Find the line with "poly \<Rightarrow> complex" in the entries below. Repeat it, every following line, and the line with "by (induction p)", exactly and with nothing added.

--- MATERIALS PROVIDED Enclosed Below ---

(* Let $a(z)=\sum_{i\ge0}a_iz^i$ and $b(z)=\sum_{i\ge0}b_iz^i$ be rational series in $\mathbb{R}[[z]]$ satisfying (P1), (P2$_d$) and (P3$_{d+1}$) for a positive integer $d$. If $a(z)/(1-z)\le b(z)/(1-z)$ coefficientwise, then $\lim_{z\to1}a(z)(1-z)^d\le\lim_{z\to1}b(z)(1-z)^d$.
   Context: A rational series is the power series expansion at $z=0$ of a rational function regular at $0$; limits are taken for the rational function. For power series, $\sum c_iz^i\le\sum e_iz^i$ means $c_i\le e_i$ for all $i$. (P1): the rational function has poles only at roots of unity. (P2$_m$): $z=1$ is a pole of order exactly $m$. (P3$_m$): every pole other than $z=1$ has order less than $m$. *)

theory Defs
  imports "HOL-Analysis.Analysis" "HOL-Computational_Algebra.Computational_Algebra"
begin

text \<open>Order of the pole at z: multiplicity of z as a root of q minus its multiplicity
  as a root of p (truncated at 0); the zero function has no poles.\<close>
definition pole_order :: "real poly \<Rightarrow> real poly \<Rightarrow> complex \<Rightarrow> nat" where
  "pole_order p q z =
     (if p = 0 then 0
      else order z (map_poly complex_of_real q) - order z (map_poly complex_of_real p))"

text \<open>The series with coefficient sequence a is the expansion at 0 of p/q, regular at 0.\<close>
definition rat_series :: "real poly \<Rightarrow> real poly \<Rightarrow> (nat \<Rightarrow> real) \<Rightarrow> bool" where
  "rat_series p q a \<longleftrightarrow> poly q 0 \<noteq> 0 \<and> fps_of_poly q * Abs_fps a = fps_of_poly p"

definition P1 :: "real poly \<Rightarrow> real poly \<Rightarrow> bool" where
  "P1 p q \<longleftrightarrow> (\<forall>z. pole_order p q z > 0 \<longrightarrow> (\<exists>n>0. z ^ n = 1))"

definition P2 :: "nat \<Rightarrow> real poly \<Rightarrow> real poly \<Rightarrow> bool" where
  "P2 m p q \<longleftrightarrow> pole_order p q 1 = m"

definition P3 :: "nat \<Rightarrow> real poly \<Rightarrow> real poly \<Rightarrow> bool" where
  "P3 m p q \<longleftrightarrow> (\<forall>z. z \<noteq> 1 \<longrightarrow> pole_order p q z < m)"

end

theory Submission
  imports Defs "HOL-Complex_Analysis.Cauchy_Integral_Formula" "HOL-Computational_Algebra.Field_as_Ring"
begin

text \<open>
  Let c(z) = a(z)/(1 - z). It is the expansion of the rational function p/(q (1 - z)), whose
  poles are those of p/q together with z = 1, hence roots of unity by (P1); so c has radius of
  convergence at least 1, and p(x)/q(x) (1 - x)^d = (1 - x)^(d+1) c(x) for x < 1 close to 1.
  Comparing coefficients gives c_a(x) \<le> c_b(x) for 0 \<le> x < 1, and since (P2_d) makes
  both sides converge as x tends to 1, the inequality passes to the limits.
\<close>

lemma map_poly_of_real_mult:
  "map_poly (of_real :: real \<Rightarrow> 'a::{real_algebra_1,comm_ring_1}) (p * q)
     = map_poly of_real p * map_poly of_real q"
  by (simp add: poly_eq_iff coeff_map_poly coeff_mult)

lemma map_poly_of_real_power:
  "map_poly (of_real :: real \<Rightarrow> 'a::{real_algebra_1,comm_ring_1}) (p ^ n)
     = map_poly of_real p ^ n"
  by (induction n) (simp_all add: map_poly_of_real_mult)

lemma poly_map_poly_of_real:
  "poly (map_poly of_real p) (of_real x :: 'a::{real_algebra_1,comm_ring_1}) = of_real (poly p x)"
  by (induction p) (auto simp: map_poly_pCons)

lemma order_map_poly_of_real:
  fixes p :: "real poly"
  assumes "p \<noteq> 0"
  shows "order (complex_of_real x) (map_poly of_real p) = order x p"
proof -
  obtain r where r: "p = [:- x, 1:] ^ order x p * r" and "\<not> [:- x, 1:] dvd r"
    using order_decomp[OF assms] by blast
  then have "poly r x \<noteq> 0" by (simp add: poly_eq_0_iff_dvd)
  have "map_poly of_real p = [:- complex_of_real x, 1:] ^ order x p * map_poly of_real r"
    by (subst r) (simp add: map_poly_of_real_mult map_poly_of_real_power map_poly_pCons)
  moreover have "poly (map_poly of_real r) (complex_of_real x) \<noteq> 0"
    using \<open>poly r x \<noteq> 0\<close> by (simp add: poly_map_poly_of_real)
  moreover from this have "map_poly complex_of_real r \<noteq> 0" by auto
  ultimately show ?thesis
    by (simp add: order_mult order_power_n_n order_0I)
qed

lemma pole_order_of_real:
  assumes "p \<noteq> 0" "q \<noteq> 0"
  shows "pole_order p q (of_real x) = order x q - order x p"
  using assms by (simp add: pole_order_def order_map_poly_of_real)

lemma pole_order_mult_one_minus_x:
  assumes "q \<noteq> 0" "z \<noteq> 1"
  shows "pole_order p (q * [:1, -1:]) z = pole_order p q z"
proof -
  have "poly (map_poly complex_of_real [:1, -1:]) z \<noteq> 0"
    using \<open>z \<noteq> 1\<close> by (simp add: map_poly_pCons)
  then have "order z (map_poly complex_of_real [:1, -1:]) = 0"
    by (rule order_0I)
  moreover have "map_poly complex_of_real q \<noteq> 0" "map_poly complex_of_real [:1, -1:] \<noteq> 0"
    using \<open>q \<noteq> 0\<close> by (simp_all add: map_poly_eq_0_iff map_poly_pCons)
  ultimately have "order z (map_poly complex_of_real (q * [:1, -1:]))
                     = order z (map_poly complex_of_real q)"
    unfolding map_poly_of_real_mult by (subst order_mult) auto
  then show ?thesis
    by (simp only: pole_order_def)
qed

lemma P1_pole_norm_eq_1:
  assumes "P1 p q" "pole_order p q z > 0"
  shows "norm z = 1"
proof -
  obtain n where "n > 0" "z ^ n = 1"
    using assms unfolding P1_def by blast
  then have "norm z ^ n = 1" by (metis norm_one norm_power)
  with \<open>n > 0\<close> show ?thesis
    using power_eq_1_iff[of "norm z" n] by simp
qed

lemma eventually_poly_nonzero_at:
  fixes q :: "'a::real_normed_field poly"
  assumes "q \<noteq> 0"
  shows "eventually (\<lambda>x. poly q x \<noteq> 0) (at c)"
proof -
  have "finite {x. poly q x = 0}"
    using assms by (rule poly_roots_finite)
  then have "\<not> c islimpt {x. poly q x = 0}"
    by (rule islimpt_finite)
  then show ?thesis
    by (simp add: islimpt_iff_eventually)
qed

lemma tendsto_poly_divide_mult_power:
  fixes p q :: "'a::real_normed_field poly"
  assumes "p \<noteq> 0" "q \<noteq> 0" "order c q \<le> order c p + d"
  shows "\<exists>L. ((\<lambda>x. poly p x / poly q x * (c - x) ^ d) \<longlongrightarrow> L) (at c)"
proof -
  obtain p1 where p1: "p = [:- c, 1:] ^ order c p * p1"
    using order_decomp[OF \<open>p \<noteq> 0\<close>] by blast
  obtain q1 where q1: "q = [:- c, 1:] ^ order c q * q1" and "\<not> [:- c, 1:] dvd q1"
    using order_decomp[OF \<open>q \<noteq> 0\<close>] by blast
  then have "poly q1 c \<noteq> 0" by (simp add: poly_eq_0_iff_dvd)
  define k where "k = order c p + d - order c q"
  have "((\<lambda>x. (- 1) ^ d * (x - c) ^ k * poly p1 x / poly q1 x)
          \<longlongrightarrow> (- 1) ^ d * (c - c) ^ k * poly p1 c / poly q1 c) (at c)"
    using \<open>poly q1 c \<noteq> 0\<close> by (intro tendsto_intros)
  moreover have "eventually (\<lambda>x. (- 1) ^ d * (x - c) ^ k * poly p1 x / poly q1 x
                        = poly p x / poly q x * (c - x) ^ d) (at c)"
    using eventually_poly_nonzero_at[OF \<open>q \<noteq> 0\<close>] eventually_neq_at_within[of c c UNIV]
  proof eventually_elim
    case (elim x)
    then have "poly q1 x \<noteq> 0" "x - c \<noteq> 0"
      by (subst (asm) q1, simp_all)
    have "(x - c) ^ order c p * (x - c) ^ d = (x - c) ^ order c q * (x - c) ^ k"
      using assms(3) by (simp add: k_def flip: power_add)
    moreover have "(c - x) ^ d = (- 1) ^ d * (x - c) ^ d"
      by (metis minus_diff_eq power_minus)
    ultimately have "poly p x / poly q x * (c - x) ^ d
        = (- 1) ^ d * ((x - c) ^ order c q * (x - c) ^ k) * poly p1 x
            / ((x - c) ^ order c q * poly q1 x)"
      by (subst p1, subst q1) (simp add: poly_mult poly_power mult_ac)
    also have "\<dots> = (- 1) ^ d * (x - c) ^ k * poly p1 x / poly q1 x"
      using \<open>x - c \<noteq> 0\<close> by (simp add: mult_ac)
    finally show ?case by (rule sym)
  qed
  ultimately show ?thesis
    by (blast intro: Lim_transform_eventually)
qed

--- End of Enclosed MATERIALS PROVIDED ---

◆ ANSWER BOX
definition pole_order :: "real poly \<Rightarrow> real poly \<Rightarrow> complex \<Rightarrow> nat" where
  "pole_order p q z =
     (if p = 0 then 0
      else order z (map_poly complex_of_real q) - order z (map_poly complex_of_real p))"

text \<open>The series with coefficient sequence a is the expansion at 0 of p/q, regular at 0.\<close>
definition rat_series :: "real poly \<Rightarrow> real poly \<Rightarrow> (nat \<Rightarrow> real) \<Rightarrow> bool" where
  "rat_series p q a \<longleftrightarrow> poly q 0 \<noteq> 0 \<and> fps_of_poly q * Abs_fps a = fps_of_poly p"

definition P1 :: "real poly \<Rightarrow> real poly \<Rightarrow> bool" where
  "P1 p q \<longleftrightarrow> (\<forall>z. pole_order p q z > 0 \<longrightarrow> (\<exists>n>0. z ^ n = 1))"

definition P2 :: "nat \<Rightarrow> real poly \<Rightarrow> real poly \<Rightarrow> bool" where
  "P2 m p q \<longleftrightarrow> pole_order p q 1 = m"

definition P3 :: "nat \<Rightarrow> real poly \<Rightarrow> real poly \<Rightarrow> bool" where
  "P3 m p q \<longleftrightarrow> (\<forall>z. z \<noteq> 1 \<longrightarrow> pole_order p q z < m)"

end

theory Submission
  imports Defs "HOL-Complex_Analysis.Cauchy_Integral_Formula" "HOL-Computational_Algebra.Field_as_Ring"
begin

text \<open>
  Let c(z) = a(z)/(1 - z). It is the expansion of the rational function p/(q (1 - z)), whose
  poles are those of p/q together with z = 1, hence roots of unity by (P1); so c has radius of
  convergence at least 1, and p(x)/q(x) (1 - x)^d = (1 - x)^(d+1) c(x) for x < 1 close to 1.
  Comparing coefficients gives c_a(x) \<le> c_b(x) for 0 \<le> x < 1, and since (P2_d) makes
  both sides converge as x tends to 1, the inequality passes to the limits.
\<close>

lemma map_poly_of_real_mult:
  "map_poly (of_real :: real \<Rightarrow> 'a::{real_algebra_1,comm_ring_1}) (p * q)
     = map_poly of_real p * map_poly of_real q"
  by (simp add: poly_eq_iff coeff_map_poly coeff_mult)

lemma map_poly_of_real_power:
  "map_poly (of_real :: real \<Rightarrow> 'a::{real_algebra_1,comm_ring_1}) (p ^ n)
     = map_poly of_real p ^ n"
  by (induction n) (simp_all add: map_poly_of_real_mult)

lemma poly_map_poly_of_real:
  "poly (map_poly of_real p) (of_real x :: 'a::{real_algebra_1,comm_ring_1}) = of_real (poly p x)"
  by (induction p) (auto simp: map_poly_pCons)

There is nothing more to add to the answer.